El ascenso de Alith fue objeto de comentarios entre el resto del personal por un tiempo breve; sin embargo, no era la primera vez que Bel Shanaar expresaba su favoritismo por un elfo concreto y buena parte del personal conjeturaba que la buena estrella de Alith no tardaría en apagarse. Si bien se valoraba su desenvoltura y diligencia, se le consideraba en cierta manera demasiado burdo para hacer carrera en la corte, y los celosos por su vertiginoso ascenso en la estima del monarca lo justificaban con el excéntrico cariño que despertaban en Bel Shanaar los modales aldeanos y torpes que Alith exhibía ocasionalmente.

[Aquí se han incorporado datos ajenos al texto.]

(* Let $\mu,\varepsilon,\nu,\Omega,\omega$ be real or complex parameters with $\mu\neq 0$ and $\nu\notin\{0,-1,-2,\dots\}$, and consider the grand confluent hypergeometric (GCH) equation $$x\,y''(x)+\left(\mu x^2+\varepsilon x+\nu\right)y'(x)+\left(\Omega x+\varepsilon\omega\right)y(x)=0 .$$ Put $\gamma=\tfrac12(1+\nu)$, $a=\frac{\Omega}{2\mu}$, $\tilde\varepsilon=-\tfrac12\varepsilon x$ and $z=-\tfrac12\mu x^2$, and assume $\gamma-a$ is not a nonpositive integer. Then the function $$ \begin{aligned} y(x)=QW\Big(\omega,\gamma;\tilde\varepsilon;z\Big)=\frac{\Gamma(\gamma-a)}{\Gamma(\gamma)}\Bigg\{&\sum_{i_0=0}^{\infty}\frac{(a)_{i_0}}{(1)_{i_0}(\gamma)_{i_0}}z^{i_0}\\ &+\Bigg\{\sum_{i_0=0}^{\infty}\frac{(i_0+\frac{\omega}{2})}{(i_0+\frac12)(i_0-\frac12+\gamma)}\frac{(a)_{i_0}}{(1)_{i_0}(\gamma)_{i_0}}\sum_{i_1=i_0}^{\infty}\frac{(a+\frac12)_{i_1}(\frac32)_{i_0}(\gamma+\frac12)_{i_0}}{(a+\frac12)_{i_0}(\frac32)_{i_1}(\gamma+\frac12)_{i_1}}z^{i_1}\Bigg\}\tilde\varepsilon\\ &+\sum_{n=2}^{\infty}\Bigg\{\sum_{i_0=0}^{\infty}\frac{(i_0+\frac{\omega}{2})}{(i_0+\frac12)(i_0-\frac12+\gamma)}\frac{(a)_{i_0}}{(1)_{i_0}(\gamma)_{i_0}}\\ &\quad\times\prod_{k=1}^{n-1}\Bigg\{\sum_{i_k=i_{k-1}}^{\infty}\frac{(i_k+\frac{\omega}{2}+\frac{k}{2})}{(i_k+\frac12+\frac k2)(i_k-\frac12+\gamma+\frac k2)}\frac{(a+\frac k2)_{i_k}(1+\frac k2)_{i_{k-1}}(\frac k2+\gamma)_{i_{k-1}}}{(a+\frac k2)_{i_{k-1}}(1+\frac k2)_{i_k}(\frac k2+\gamma)_{i_k}}\Bigg\}\\ &\quad\times\sum_{i_n=i_{n-1}}^{\infty}\frac{(a+\frac n2)_{i_n}(1+\frac n2)_{i_{n-1}}(\frac n2+\gamma)_{i_{n-1}}}{(a+\frac n2)_{i_{n-1}}(1+\frac n2)_{i_n}(\frac n2+\gamma)_{i_n}}z^{i_n}\Bigg\}\tilde\varepsilon^{\,n}\Bigg\} \end{aligned} $$ is the power series expansion about $x=0$ of a solution (the solution of the first kind, corresponding to the indicial root $\lambda=0$) of the GCH equation.
   Context: $(x)_n=\Gamma(x+n)/\Gamma(x)$ denotes the Pochhammer symbol (rising factorial), and for integers $m\ge n\ge 0$ a quotient $(b)_m/(b)_n$ is understood as $\prod_{j=n}^{m-1}(b+j)$. In the term with index $n\ge 2$, the product over $k=1,\dots,n-1$ denotes nested summation: the sum over $i_k$ runs from $i_{k-1}$ to $\infty$, with $i_{k-1}$ the summation index of the previous level, and the innermost sum over $i_n$ runs from $i_{n-1}$ to $\infty$. *)

theory Defs
  imports "HOL-Analysis.Analysis"
begin

text \<open>Quotient of Pochhammer symbols
  (a+k/2)_j (1+k/2)_i (k/2+gam)_i / ((a+k/2)_i (1+k/2)_j (k/2+gam)_j)  for i <= j,
  understood as the product over t = i, ..., j-1.\<close>
definition qwR :: "complex \<Rightarrow> complex \<Rightarrow> nat \<Rightarrow> nat \<Rightarrow> nat \<Rightarrow> complex" where
  "qwR a gam k i j = (\<Prod>t\<in>{i..<j}.
     (a + of_nat k / 2 + of_nat t) / ((1 + of_nat k / 2 + of_nat t) * (of_nat k / 2 + gam + of_nat t)))"

text \<open>Summand factor at level k (1 <= k <= n-1), indices i_{k-1} = i, i_k = j.\<close>
definition qwG :: "complex \<Rightarrow> complex \<Rightarrow> complex \<Rightarrow> nat \<Rightarrow> nat \<Rightarrow> nat \<Rightarrow> complex" where
  "qwG a gam om k i j =
     (of_nat j + om / 2 + of_nat k / 2) /
       ((of_nat j + 1/2 + of_nat k / 2) * (of_nat j - 1/2 + gam + of_nat k / 2)) * qwR a gam k i j"

definition qwF0 :: "complex \<Rightarrow> complex \<Rightarrow> complex \<Rightarrow> nat \<Rightarrow> complex" where
  "qwF0 a gam om i =
     (of_nat i + om / 2) / ((of_nat i + 1/2) * (of_nat i - 1/2 + gam)) *
     (pochhammer a i / (pochhammer 1 i * pochhammer gam i))"

text \<open>Summand of the inner sum at level k = n - d, with previous index i, as function of m
  (current index i + m).  Level n (d = 0) is the innermost sum carrying z^{i_n}.\<close>
fun qwLev :: "complex \<Rightarrow> complex \<Rightarrow> complex \<Rightarrow> complex \<Rightarrow> nat \<Rightarrow> nat \<Rightarrow> nat \<Rightarrow> complex"
and qwLevTerm :: "complex \<Rightarrow> complex \<Rightarrow> complex \<Rightarrow> complex \<Rightarrow> nat \<Rightarrow> nat \<Rightarrow> nat \<Rightarrow> nat \<Rightarrow> complex" where
  "qwLevTerm a gam om z 0 n i m = qwR a gam n i (i + m) * z ^ (i + m)"
| "qwLevTerm a gam om z (Suc d) n i m = qwG a gam om (n - Suc d) i (i + m) * qwLev a gam om z d n (i + m)"
| "qwLev a gam om z d n i = (\<Sum>m. qwLevTerm a gam om z d n i m)"

definition qwOuterTerm :: "complex \<Rightarrow> complex \<Rightarrow> complex \<Rightarrow> complex \<Rightarrow> nat \<Rightarrow> nat \<Rightarrow> complex" where
  "qwOuterTerm a gam om z n i =
     (if n = 0 then pochhammer a i / (pochhammer 1 i * pochhammer gam i) * z ^ i
      else qwF0 a gam om i * qwLev a gam om z (n - 1) n i)"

El joven príncipe notó un cambio en su relación con Milandith a causa de su subida en el escalafón. Como portador del sello de Bel Shanaar, Alith tenía acceso a algunas zonas del palacio vetadas a su amada, de modo que ella lo interrogaba con frecuencia sobre los últimos chismes que atañían a la familia real. Alith era plenamente consciente de que la pasión que los había mantenido unidos empezaba a enfriarse, y si antes Milandith lo veía como una fuente de placer, ahora lo consideraba un pozo sin fondo de información. A Alith no se le escapó la ironía que subyacía en su intercambio de roles en la relación. La insistencia de Milandith lo fastidiaba, aún más dadas su reticencia y discreción naturales, y la idea cada vez más presente de que cualquier cotilleo podría ser tomado por una acción desleal hacia la familia de Bel Shanaar.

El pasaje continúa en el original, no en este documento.